Maybe Ai had inherited her resolute character from her father, Shodancho, but now, without her having to say a word, with just a look in their direction, the boys and the old math teacher promptly exited the classroom. As they went, their words of regret and grunts of disappointment could be heard passing between them.
“Damn it, a dog?! As if none of us could have raped Rengganis the Beautiful.”
A few girls went to the gymnasium to look for a school soccer uniform to replace the tablecloth wrapped around the Beautiful’s body.
At more or less the same time Maya Dewi, mother of the Beautiful and wife of Maman Gendeng, had a small but gravely worrisome household incident. She was cleaning when a lizard perched on the ceiling lampshade defecated and its scat fell down onto her shoulder. She wasn’t worried about the smell or the filth, but she knew falling lizard scat always foreshadows catastrophe—it was a sign.

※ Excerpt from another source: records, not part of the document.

lemma continuous_map_convex_comb_PK_top:
  assumes \<phi>1: "continuous_map X (PK_top TG r gmul ginv K1) \<phi>1"
    and \<phi>2: "continuous_map X (PK_top TG r gmul ginv K2) \<phi>2"
    and fibre: "\<And>z \<gamma>1 \<gamma>2. \<lbrakk>z \<in> topspace X; \<gamma>1 \<in> msupp (\<phi>1 z) \<union> msupp (\<phi>2 z); \<gamma>2 \<in> msupp (\<phi>1 z) \<union> msupp (\<phi>2 z)\<rbrakk>
                  \<Longrightarrow> r \<gamma>1 = r \<gamma>2 \<and> gmul (ginv \<gamma>1) \<gamma>2 \<in> K"
  shows "continuous_map (prod_topology (top_of_set {0..1}) X) (PK_top TG r gmul ginv K)
           (\<lambda>(t, z). convex_comb t (\<phi>1 z) (\<phi>2 z))"
  unfolding continuous_map_PK_top_iff
proof (intro conjI ballI)
  have PK1: "\<phi>1 z \<in> PK TG r gmul ginv K1" and PK2: "\<phi>2 z \<in> PK TG r gmul ginv K2"
    if "z \<in> topspace X" for z
    using that continuous_map_image_subset_topspace[OF \<phi>1] continuous_map_image_subset_topspace[OF \<phi>2]
    by auto
  show "(\<lambda>(t, z). convex_comb t (\<phi>1 z) (\<phi>2 z)) ` topspace (prod_topology (top_of_set {0..1}) X)
          \<subseteq> PK TG r gmul ginv K"
  proof (rule image_subsetI, clarify)
    fix t :: real and z assume "(t, z) \<in> topspace (prod_topology (top_of_set {0..1}) X)"
    then have t: "t \<in> {0..1}" and z: "z \<in> topspace X"
      by auto
    show "convex_comb t (\<phi>1 z) (\<phi>2 z) \<in> PK TG r gmul ginv K"
      by (rule convex_comb_mem_PK[OF PK1[OF z] PK2[OF z] t fibre[OF z]])
  qed
  fix f assume f: "f \<in> Cc TG"
  have "continuous_map (prod_topology (top_of_set {0..1}) X) euclideanreal
          (\<lambda>(t, z). (1 - t) * pairing (\<phi>1 z) f + t * pairing (\<phi>2 z) f)"
    using continuous_map_into_fulltopology[OF continuous_map_fst]
      continuous_map_compose[OF continuous_map_snd continuous_map_pairing[OF \<phi>1 f]]
      continuous_map_compose[OF continuous_map_snd continuous_map_pairing[OF \<phi>2 f]]
    unfolding case_prod_unfold o_def
    by (intro continuous_map_add continuous_map_real_mult continuous_map_diff continuous_map_const[THEN iffD2]) auto
  then show "continuous_map (prod_topology (top_of_set {0..1}) X) euclideanreal
          (\<lambda>x. pairing ((\<lambda>(t, z). convex_comb t (\<phi>1 z) (\<phi>2 z)) x) f)"
    by (rule continuous_map_eq) (auto simp: pairing_convex_comb PK_memD(1)[OF PK1] PK_memD(1)[OF PK2])
qed

lemma msupp_translate:
  "msupp (translate TG r gmul ginv g \<mu>) = {\<eta> \<in> topspace TG. r \<eta> = r g \<and> gmul (ginv g) \<eta> \<in> msupp \<mu>}"
  by (auto simp: msupp_def translate_def)

context groupoid
begin

lemma msupp_subset_setmul:
  assumes \<mu>: "\<mu> \<in> PK TG r gmul ginv K" and "K \<subseteq> topspace TG" and "\<gamma> \<in> msupp \<mu>" "\<gamma> \<in> L"
  shows "msupp \<mu> \<subseteq> setmul L K"
proof
  fix \<eta> assume \<eta>: "\<eta> \<in> msupp \<mu>"
  have "r \<gamma> = r \<eta> \<and> gmul (ginv \<gamma>) \<eta> \<in> K"
    by (rule PK_memD(5)[OF \<mu> \<open>\<gamma> \<in> msupp \<mu>\<close> \<eta>])
  moreover have "\<gamma> \<in> topspace TG" "\<eta> \<in> topspace TG"
    using PK_memD(2)[OF \<mu>] \<open>\<gamma> \<in> msupp \<mu>\<close> \<eta> by (simp_all add: subset_iff)
  ultimately show "\<eta> \<in> setmul L K"
    using \<open>\<gamma> \<in> L\<close> mul_mem_setmul[of \<gamma> L "gmul (ginv \<gamma>) \<eta>" K] mul_inv_cancel_left[of \<gamma> \<eta>] by simp
qed

lemma exists_compact_bounding_supports:
  assumes et: "etale_groupoid TG r s gmul ginv" and K: "compactin TG K"
    and \<phi>: "continuous_map X (PK_top TG r gmul ginv K) \<phi>" and C: "compactin X C"
  obtains A where "compactin TG A" "\<And>c. c \<in> C \<Longrightarrow> msupp (\<phi> c) \<subseteq> A"
proof -
  obtain L where L: "compactin TG L" "\<And>z. z \<in> C \<Longrightarrow> msupp (\<phi> z) \<inter> L \<noteq> {}"
    using exists_compact_meeting_supports[OF _ _ \<phi> C] et unfolding etale_groupoid_def by blast
  have "compactin TG (setmul L K)"
    using et L K unfolding etale_groupoid_def by (intro compactin_setmul) auto
  moreover have "msupp (\<phi> c) \<subseteq> setmul L K" if "c \<in> C" for c
  proof -
    have "\<phi> c \<in> PK TG r gmul ginv K"
      using that C \<phi> compactin_subset_topspace continuous_map_image_subset_topspace by fastforce
    with L(2)[OF that] show ?thesis
      using K compactin_subset_topspace msupp_subset_setmul by blast
  qed
  ultimately show thesis
    using that by blast
qed

lemma inv_mul_mem_setmul_equivariant:
  assumes Z: "topspace X = {act g c | g c. c \<in> C \<and> (g, c) \<in> action_domain TG s X p}"
    and S: "\<And>g c. (g, c) \<in> action_domain TG s X p \<Longrightarrow>
              S (act g c) = {\<eta> \<in> topspace TG. r \<eta> = r g \<and> gmul (ginv g) \<eta> \<in> S c}"
    and A: "\<And>c. c \<in> C \<Longrightarrow> S c \<subseteq> A"
    and z: "z \<in> topspace X" and \<gamma>: "\<gamma>1 \<in> S z" "\<gamma>2 \<in> S z"
  shows "r \<gamma>1 = r \<gamma>2 \<and> gmul (ginv \<gamma>1) \<gamma>2 \<in> setmul (ginv ` A) A"
proof -
  obtain g c where zgc: "z = act g c" and "c \<in> C" and gc: "(g, c) \<in> action_domain TG s X p"
    using z Z by blast
  have g: "g \<in> topspace TG"
    using gc by (simp add: action_domain_def)
  have "S z \<subseteq> {\<eta> \<in> topspace TG. r \<eta> = r g \<and> gmul (ginv g) \<eta> \<in> A}"
    using A[OF \<open>c \<in> C\<close>] unfolding zgc S[OF gc] by blast
  with \<gamma> have "\<gamma>1 \<in> topspace TG" "r \<gamma>1 = r g" "gmul (ginv g) \<gamma>1 \<in> A"
    and "\<gamma>2 \<in> topspace TG" "r \<gamma>2 = r g" "gmul (ginv g) \<gamma>2 \<in> A"
    by blast+
  then show ?thesis
    using inv_mul_mem_setmul[OF g] by simp
qed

Unlike her husband, Maya Dewi was highly respected by the city folk, who didn’t care that she was the daughter of Dewi Ayu, that notable whore. She was calm, and friendly, and even pious, and when they saw this woman people forgave the troubling childish character of her young daughter and her husband’s frightening evil instincts. Maya Dewi went to the women’s Thursday night prayer meetings and to the
arisan
on Sunday afternoons, socializing and contributing money to the women’s lottery pool. She made her family seem just a little bit civilized, in part by earning a living from her daily work of making cookies with her two mountain-girl helpers.